> [EXERCISE OBJECTIVE] Tally how many lines in the data hold the word "lambda", and give the result with no other text.

> [AVAILABLE DATA]
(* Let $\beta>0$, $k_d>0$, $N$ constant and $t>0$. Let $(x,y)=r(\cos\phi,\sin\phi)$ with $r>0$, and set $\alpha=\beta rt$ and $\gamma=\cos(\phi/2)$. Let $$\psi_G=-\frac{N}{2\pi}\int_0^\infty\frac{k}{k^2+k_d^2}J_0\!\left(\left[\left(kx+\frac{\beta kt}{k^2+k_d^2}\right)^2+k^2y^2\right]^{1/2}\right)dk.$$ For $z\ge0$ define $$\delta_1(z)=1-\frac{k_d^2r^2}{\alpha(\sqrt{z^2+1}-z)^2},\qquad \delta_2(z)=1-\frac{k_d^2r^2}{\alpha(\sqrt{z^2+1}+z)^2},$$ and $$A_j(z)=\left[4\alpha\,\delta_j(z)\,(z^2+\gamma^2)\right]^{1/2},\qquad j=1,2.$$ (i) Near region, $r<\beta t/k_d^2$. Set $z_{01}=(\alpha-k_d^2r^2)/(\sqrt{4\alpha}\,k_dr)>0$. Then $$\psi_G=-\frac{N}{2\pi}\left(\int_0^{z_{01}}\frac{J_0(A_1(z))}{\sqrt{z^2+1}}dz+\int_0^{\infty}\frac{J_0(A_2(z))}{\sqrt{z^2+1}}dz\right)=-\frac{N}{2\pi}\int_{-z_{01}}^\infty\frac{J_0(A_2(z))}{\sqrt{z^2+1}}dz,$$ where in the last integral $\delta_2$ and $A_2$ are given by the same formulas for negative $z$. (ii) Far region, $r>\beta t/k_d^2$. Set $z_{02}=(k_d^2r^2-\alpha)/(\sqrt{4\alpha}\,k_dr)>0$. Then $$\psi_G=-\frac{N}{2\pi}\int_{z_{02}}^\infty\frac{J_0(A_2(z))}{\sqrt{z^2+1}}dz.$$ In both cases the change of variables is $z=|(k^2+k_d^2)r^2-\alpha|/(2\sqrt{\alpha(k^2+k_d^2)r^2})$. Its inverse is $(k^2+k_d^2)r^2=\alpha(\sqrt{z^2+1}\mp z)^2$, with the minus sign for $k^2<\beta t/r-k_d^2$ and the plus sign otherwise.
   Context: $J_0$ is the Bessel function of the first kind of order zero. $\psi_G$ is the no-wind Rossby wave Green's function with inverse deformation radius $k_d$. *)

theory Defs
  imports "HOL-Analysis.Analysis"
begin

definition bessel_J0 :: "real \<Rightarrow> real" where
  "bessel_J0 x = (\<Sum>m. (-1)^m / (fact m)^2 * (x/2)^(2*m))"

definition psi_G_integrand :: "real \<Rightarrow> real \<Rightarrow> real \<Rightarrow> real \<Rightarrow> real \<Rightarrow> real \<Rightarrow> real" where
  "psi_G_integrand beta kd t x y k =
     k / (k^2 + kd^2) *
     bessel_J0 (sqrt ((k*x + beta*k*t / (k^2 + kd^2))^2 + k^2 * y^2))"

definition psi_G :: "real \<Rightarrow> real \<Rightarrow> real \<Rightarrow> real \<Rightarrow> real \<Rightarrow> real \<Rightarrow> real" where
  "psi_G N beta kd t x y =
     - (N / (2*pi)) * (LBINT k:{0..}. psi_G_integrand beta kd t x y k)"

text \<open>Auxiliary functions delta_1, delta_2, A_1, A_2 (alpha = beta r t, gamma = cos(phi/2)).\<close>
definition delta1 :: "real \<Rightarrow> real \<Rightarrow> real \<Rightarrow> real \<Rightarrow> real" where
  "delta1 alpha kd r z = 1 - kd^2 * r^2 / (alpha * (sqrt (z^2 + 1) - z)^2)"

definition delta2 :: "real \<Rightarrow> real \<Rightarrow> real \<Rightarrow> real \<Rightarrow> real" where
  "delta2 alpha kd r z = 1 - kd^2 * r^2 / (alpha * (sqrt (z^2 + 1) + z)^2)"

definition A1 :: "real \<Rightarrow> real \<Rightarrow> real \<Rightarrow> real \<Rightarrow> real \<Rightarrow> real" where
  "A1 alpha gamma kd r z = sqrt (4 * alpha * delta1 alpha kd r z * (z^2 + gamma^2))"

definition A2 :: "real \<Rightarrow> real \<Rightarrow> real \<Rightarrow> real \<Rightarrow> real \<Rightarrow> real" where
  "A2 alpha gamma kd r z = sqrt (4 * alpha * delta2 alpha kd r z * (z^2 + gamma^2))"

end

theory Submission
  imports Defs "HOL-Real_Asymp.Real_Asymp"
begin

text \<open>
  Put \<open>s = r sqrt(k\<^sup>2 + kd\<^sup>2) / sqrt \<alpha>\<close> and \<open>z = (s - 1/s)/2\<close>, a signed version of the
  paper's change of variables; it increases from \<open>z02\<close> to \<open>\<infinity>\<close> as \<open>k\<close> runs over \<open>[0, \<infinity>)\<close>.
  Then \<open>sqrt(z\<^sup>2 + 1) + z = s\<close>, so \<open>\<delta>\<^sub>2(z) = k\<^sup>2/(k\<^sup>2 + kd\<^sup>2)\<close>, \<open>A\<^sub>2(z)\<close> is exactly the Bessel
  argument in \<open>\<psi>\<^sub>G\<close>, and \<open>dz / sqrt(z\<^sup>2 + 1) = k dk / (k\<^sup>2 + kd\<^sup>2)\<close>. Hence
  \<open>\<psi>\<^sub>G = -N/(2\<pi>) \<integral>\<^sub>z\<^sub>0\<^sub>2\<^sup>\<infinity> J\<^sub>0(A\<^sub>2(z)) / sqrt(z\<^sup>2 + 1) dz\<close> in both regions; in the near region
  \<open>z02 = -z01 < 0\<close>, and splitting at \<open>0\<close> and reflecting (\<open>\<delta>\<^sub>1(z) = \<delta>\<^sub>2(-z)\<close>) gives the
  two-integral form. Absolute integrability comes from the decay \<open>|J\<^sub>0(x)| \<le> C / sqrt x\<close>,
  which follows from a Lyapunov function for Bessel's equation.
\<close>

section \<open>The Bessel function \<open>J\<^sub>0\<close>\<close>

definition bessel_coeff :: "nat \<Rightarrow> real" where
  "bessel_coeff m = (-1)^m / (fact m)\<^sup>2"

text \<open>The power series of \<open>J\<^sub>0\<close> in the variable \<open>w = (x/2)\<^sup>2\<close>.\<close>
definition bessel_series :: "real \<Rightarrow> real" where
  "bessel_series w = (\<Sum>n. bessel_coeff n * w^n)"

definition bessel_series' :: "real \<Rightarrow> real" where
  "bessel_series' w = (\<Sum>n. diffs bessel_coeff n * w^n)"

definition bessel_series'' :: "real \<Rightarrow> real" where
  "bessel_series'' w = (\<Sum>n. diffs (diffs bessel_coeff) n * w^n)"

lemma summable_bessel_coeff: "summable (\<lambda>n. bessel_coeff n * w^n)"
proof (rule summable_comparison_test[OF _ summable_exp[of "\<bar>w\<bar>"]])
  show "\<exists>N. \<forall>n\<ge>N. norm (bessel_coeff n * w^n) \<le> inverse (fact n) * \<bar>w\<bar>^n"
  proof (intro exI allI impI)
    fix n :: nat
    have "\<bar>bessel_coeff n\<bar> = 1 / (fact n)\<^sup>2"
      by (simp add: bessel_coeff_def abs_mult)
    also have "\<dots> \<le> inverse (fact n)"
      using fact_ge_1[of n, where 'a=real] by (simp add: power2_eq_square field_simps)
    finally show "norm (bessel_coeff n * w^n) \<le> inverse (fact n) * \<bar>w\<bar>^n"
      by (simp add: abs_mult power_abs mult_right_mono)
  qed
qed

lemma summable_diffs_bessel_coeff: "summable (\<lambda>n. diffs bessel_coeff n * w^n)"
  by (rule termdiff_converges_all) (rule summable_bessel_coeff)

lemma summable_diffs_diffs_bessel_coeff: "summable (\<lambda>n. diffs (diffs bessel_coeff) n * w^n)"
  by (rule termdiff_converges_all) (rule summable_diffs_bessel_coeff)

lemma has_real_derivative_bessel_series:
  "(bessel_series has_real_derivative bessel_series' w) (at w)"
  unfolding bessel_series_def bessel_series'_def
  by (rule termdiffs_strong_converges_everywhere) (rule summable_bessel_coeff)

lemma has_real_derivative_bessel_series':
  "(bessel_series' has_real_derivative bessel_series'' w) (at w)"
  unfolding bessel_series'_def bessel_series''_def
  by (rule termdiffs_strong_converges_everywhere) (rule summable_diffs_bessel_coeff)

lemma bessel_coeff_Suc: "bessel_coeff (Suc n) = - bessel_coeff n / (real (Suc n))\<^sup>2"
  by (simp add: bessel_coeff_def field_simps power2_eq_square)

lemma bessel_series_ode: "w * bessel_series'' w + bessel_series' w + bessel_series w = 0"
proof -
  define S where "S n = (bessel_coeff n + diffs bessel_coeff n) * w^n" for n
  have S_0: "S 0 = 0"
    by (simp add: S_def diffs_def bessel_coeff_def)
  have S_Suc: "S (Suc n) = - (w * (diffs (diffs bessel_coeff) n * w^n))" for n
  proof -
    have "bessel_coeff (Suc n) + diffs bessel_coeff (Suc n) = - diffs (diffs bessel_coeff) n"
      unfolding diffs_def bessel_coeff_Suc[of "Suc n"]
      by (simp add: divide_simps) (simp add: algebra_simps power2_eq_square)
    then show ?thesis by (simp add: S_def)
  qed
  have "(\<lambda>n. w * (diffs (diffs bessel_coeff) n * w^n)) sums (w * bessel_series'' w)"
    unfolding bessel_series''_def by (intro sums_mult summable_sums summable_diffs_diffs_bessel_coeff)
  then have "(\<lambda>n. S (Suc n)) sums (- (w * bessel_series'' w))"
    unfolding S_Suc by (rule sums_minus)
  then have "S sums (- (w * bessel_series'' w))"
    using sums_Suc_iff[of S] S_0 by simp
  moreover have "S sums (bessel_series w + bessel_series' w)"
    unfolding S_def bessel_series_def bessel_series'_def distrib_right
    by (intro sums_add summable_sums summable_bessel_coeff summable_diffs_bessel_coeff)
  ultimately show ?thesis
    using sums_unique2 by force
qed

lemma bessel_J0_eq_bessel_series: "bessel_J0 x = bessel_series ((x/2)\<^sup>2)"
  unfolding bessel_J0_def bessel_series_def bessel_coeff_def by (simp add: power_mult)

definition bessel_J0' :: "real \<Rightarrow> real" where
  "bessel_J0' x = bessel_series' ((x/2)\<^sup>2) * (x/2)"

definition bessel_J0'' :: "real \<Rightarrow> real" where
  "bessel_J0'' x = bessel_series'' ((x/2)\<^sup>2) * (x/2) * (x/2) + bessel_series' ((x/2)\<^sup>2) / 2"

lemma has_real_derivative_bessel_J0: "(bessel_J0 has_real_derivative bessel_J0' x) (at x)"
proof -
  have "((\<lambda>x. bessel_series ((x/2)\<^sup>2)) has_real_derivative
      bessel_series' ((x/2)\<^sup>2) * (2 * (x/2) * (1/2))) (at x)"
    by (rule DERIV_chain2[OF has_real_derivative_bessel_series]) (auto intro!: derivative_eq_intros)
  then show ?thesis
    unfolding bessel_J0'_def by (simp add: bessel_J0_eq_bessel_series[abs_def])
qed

> [ANSWER SECTION] 6